The girl entered, bearing a modest stack of mail, and he saw she wore dark red, high-heel shoes. What was it the American women called them? Ah, yes. Fuck-me pumps. He smiled and wondered if he could persuade her to keep them on in bed.
“Ah,” he said, “here we are. Please sit down.”
She waited until he sat down behind his desk then perched on the edge of the chair across from him. When he smiled at her again, her face stayed immobile. Well, some of them liked to put up a business-like front.
He watched as she took a large, sealed envelope from the stack of mail she carried. The rest, she set aside.
“I think you should open this first,” she said.
“My dear, isn’t that your job?” he said, teasing.
“When you open it you’ll see why I didn’t.”
Now, this was intriguing. Was this perhaps some little game she played? Well, the door to the office did lock.

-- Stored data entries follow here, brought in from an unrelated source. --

definition projQ :: "'s edge set \<Rightarrow> ('s edge \<Rightarrow> real) \<Rightarrow> nat \<Rightarrow> real" where
  "projQ E g i = (\<Sum>e\<in>{e\<in>E. etime e = i \<and> einput e}. g e)"

definition trellis_relaxed_polytope ::
  "(nat \<Rightarrow> nat \<Rightarrow> bool) \<Rightarrow> nat \<Rightarrow> nat \<Rightarrow> 's edge set \<Rightarrow> ('s edge \<Rightarrow> real) set" where
  "trellis_relaxed_polytope H m n E =
     {g \<in> trellis_polytope E n. projQ E g \<in> relaxed_polytope H m n}"

definition is_edge_path :: "'s edge set \<Rightarrow> nat \<Rightarrow> (nat \<Rightarrow> 's edge) \<Rightarrow> bool" where
  "is_edge_path E n es \<longleftrightarrow>
     (\<forall>i\<in>{1..n}. es i \<in> E \<and> etime (es i) = i) \<and>
     (\<forall>i\<in>{1..n-1}. eend (es i) = estart (es (i + 1)))"

definition joint_likelihood ::
  "('y \<Rightarrow> 's \<Rightarrow> bool \<Rightarrow> 's \<Rightarrow> real) \<Rightarrow> ('s \<Rightarrow> real) \<Rightarrow> nat \<Rightarrow> (nat \<Rightarrow> 'y)
    \<Rightarrow> (nat \<Rightarrow> bool) \<Rightarrow> (nat \<Rightarrow> 's) \<Rightarrow> real" where
  "joint_likelihood Pch P0 n y x ss =
     (\<Prod>i=1..n. Pch (y i) (ss (i + 1)) (x i) (ss i)) * P0 (ss 1)"

end

theory Submission imports Defs begin

(* The argument has three independent parts, developed in this order.
   (1) Codes: for a 0/1 vector f with support x, f lies in the relaxed polytope P(H)
       iff x is a codeword (odd-set inequalities are exactly the parity conditions).
   (2) Trellis geometry: the indicator vector of an edge-path lies in the trellis
       polytope, its projection Q is the indicator of its input sequence, and its
       linear cost is the sum of the costs of its edges.  Conversely, flow conservation
       forces every layer of a point of the trellis polytope to carry total mass 1,
       so an integral point selects exactly one edge per layer, and conservation again
       makes consecutive selected edges connect: it is an edge-path indicator.
   (3) Likelihood: the edge-path of an input/state pair (x, s) exists iff the joint
       likelihood P(y, s_2^{n+1} | x, s_1) P(s_1) is positive, and then its cost is
       minus the logarithm of that likelihood.  Hence a minimum-cost edge-path among
       those with codeword inputs is a joint ML input/state pair. *)

lemma sum_indicator_card:
  assumes "finite S" and "\<forall>i\<in>S. f i = (if x i then 1 else (0::real))"
  shows "sum f S = real (card {i\<in>S. x i})"
proof -
  have "sum f S = (\<Sum>i\<in>S. if x i then 1 else 0)"
    using assms(2) by (intro sum.cong) auto
  also have "\<dots> = real (card {i\<in>S. x i})"
    using assms(1) by (simp add: sum.If_cases Int_def conj_commute)
  finally show ?thesis .
qed

section \<open>Codewords and the relaxed polytope\<close>

lemma checks_subset: "I \<in> checks H m n \<Longrightarrow> I \<subseteq> {1..n}"
  by (auto simp: checks_def)
theorem theorem4p5:
  fixes d :: nat
    and u :: "nat list \<Rightarrow> nat list \<Rightarrow> 'a::cstar_algebra"
  assumes "qaut_rel (hamming_vertices d 3) (hamming_adj d 3) u"
  shows "\<forall>i\<in>hamming_vertices d 3. \<forall>j\<in>hamming_vertices d 3.
         \<forall>k\<in>hamming_vertices d 3. \<forall>l\<in>hamming_vertices d 3.
           u i j * u k l = u k l * u i j"
proof (intro ballI)
  interpret hamming3_qaut d u
    using assms by (rule hamming3_qaut.intro)
  fix i j k l
  assume i: "i \<in> hamming_vertices d 3" and j: "j \<in> hamming_vertices d 3"
  assume "k \<in> hamming_vertices d 3" "l \<in> hamming_vertices d 3"
  then show "u i j * u k l = u k l * u i j"
  proof (induction k arbitrary: l rule: measure_induct_rule[of "\<lambda>k. card (diff_coords d i k)"])
    case (less k)
    consider "diff_coords d i k = {}" | "card (diff_coords d i k) = 1" | "2 \<le> card (diff_coords d i k)"
      using finite_diff_coords card_0_eq by (metis One_nat_def less_2_cases not_less)
    then show ?case
    proof cases
      case 1
      then have "i = k"
        using hamming_vertices_eqI[OF i less.prems(1)] unfolding diff_coords_def by blast
      then show ?thesis
        using row_orthogonal[OF i j less.prems(2)] row_orthogonal[OF i less.prems(2) j] by fastforce
    next
      case 2
      then have "hamming_adj d 3 i k"
        using i less.prems(1) unfolding hamming_adj_def diff_coords_def by blast
      then show ?thesis
        using commute_if_adj j less.prems(2) by blast
    next
      case 3
      then show ?thesis
        using commute_if_far[OF i j less.prems] less.IH by blast
    qed
  qed
qed

end
lemma deriv_cutoff_bounded: "\<exists>M. \<forall>x. \<bar>deriv cutoff x\<bar> \<le> M"
proof -
  have "compact (deriv cutoff ` {0..1})"
    by (intro compact_continuous_image continuous_at_imp_continuous_on) (auto intro: isCont_deriv_cutoff)
  then obtain M where M: "\<forall>y\<in>deriv cutoff ` {0..1}. \<bar>y\<bar> \<le> M"
    using compact_imp_bounded bounded_real by blast
  have "\<bar>deriv cutoff x\<bar> \<le> M" for x
    using M[rule_format, of "deriv cutoff x"] M[rule_format, of "deriv cutoff 0"] deriv_cutoff_eq_0[of x]
    by (cases "0 \<le> x \<and> x \<le> 1") auto
  then show ?thesis by blast
qed

section \<open>The glued profile\<close>

lemma sq_plus_one_pos [simp]: "0 < (s::real)\<^sup>2 + 1"
  by (simp add: add_nonneg_pos)

lemma sq_plus_one_nonzero [simp]: "(s::real)\<^sup>2 + 1 \<noteq> 0"
  using sq_plus_one_pos[of s] by linarith

lemma sqrt_sq_plus_one_gt: "s < sqrt (s\<^sup>2 + 1)"
  by (rule real_less_rsqrt) simp

lemma sqrt_sq_plus_one_minus_le:
  assumes "s > 0"
  shows "sqrt (s\<^sup>2 + 1) - s \<le> 1 / (2 * s)"
proof -
  let ?u = "sqrt (s\<^sup>2 + 1)"
  have pos: "0 < ?u + s" using sqrt_sq_plus_one_gt[of s] assms by simp
  have "(?u - s) * (?u + s) = 1"
    by (simp add: algebra_simps power2_eq_square[symmetric] add_nonneg_pos)
  then have "?u - s = 1 / (?u + s)" using pos by (simp add: field_simps)
  also have "\<dots> \<le> 1 / (2 * s)"
    using sqrt_sq_plus_one_gt[of s] assms by (intro divide_left_mono) auto
  finally show ?thesis .
qed

lemma has_real_derivative_sqrt_sq_plus_one:
  "((\<lambda>s. sqrt (s\<^sup>2 + 1)) has_real_derivative s / sqrt (s\<^sup>2 + 1)) (at s)"
  using sq_plus_one_pos[of s] by (auto intro!: derivative_eq_intros simp: field_simps)

lemma has_real_derivative_inverse_sqrt_sq_plus_one:
  "((\<lambda>s. 1 / sqrt (s\<^sup>2 + 1)) has_real_derivative
      - (s * (1 / sqrt (s\<^sup>2 + 1) * (1 / sqrt (s\<^sup>2 + 1) * (1 / sqrt (s\<^sup>2 + 1)))))) (at s)"
proof -
  have "sqrt (s\<^sup>2 + 1) \<noteq> 0" by simp
  from DERIV_inverse_fun[OF has_real_derivative_sqrt_sq_plus_one this]
  show ?thesis by (simp add: inverse_eq_divide field_simps power2_eq_square)
qed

He had no letter opener and had to find his scissors in the desk drawer to cut open the envelope, then he spilled the contents onto his desk. Photographs, it seemed, a dozen or more. He turned them over to view the top one and felt his heart lurch.
The Ambassador dropped the photos as if they’d burned his hands. He pushed his chair away from the table, and Mai Fisher was fascinated by the abrupt appearance of sweat on his face—a slick more than a sheen.
Mai stood, picked up the stack of photographs, and placed them one-by-one on the desktop, arranged so the Ambassador could see them. When she looked at him again, she saw that he wept.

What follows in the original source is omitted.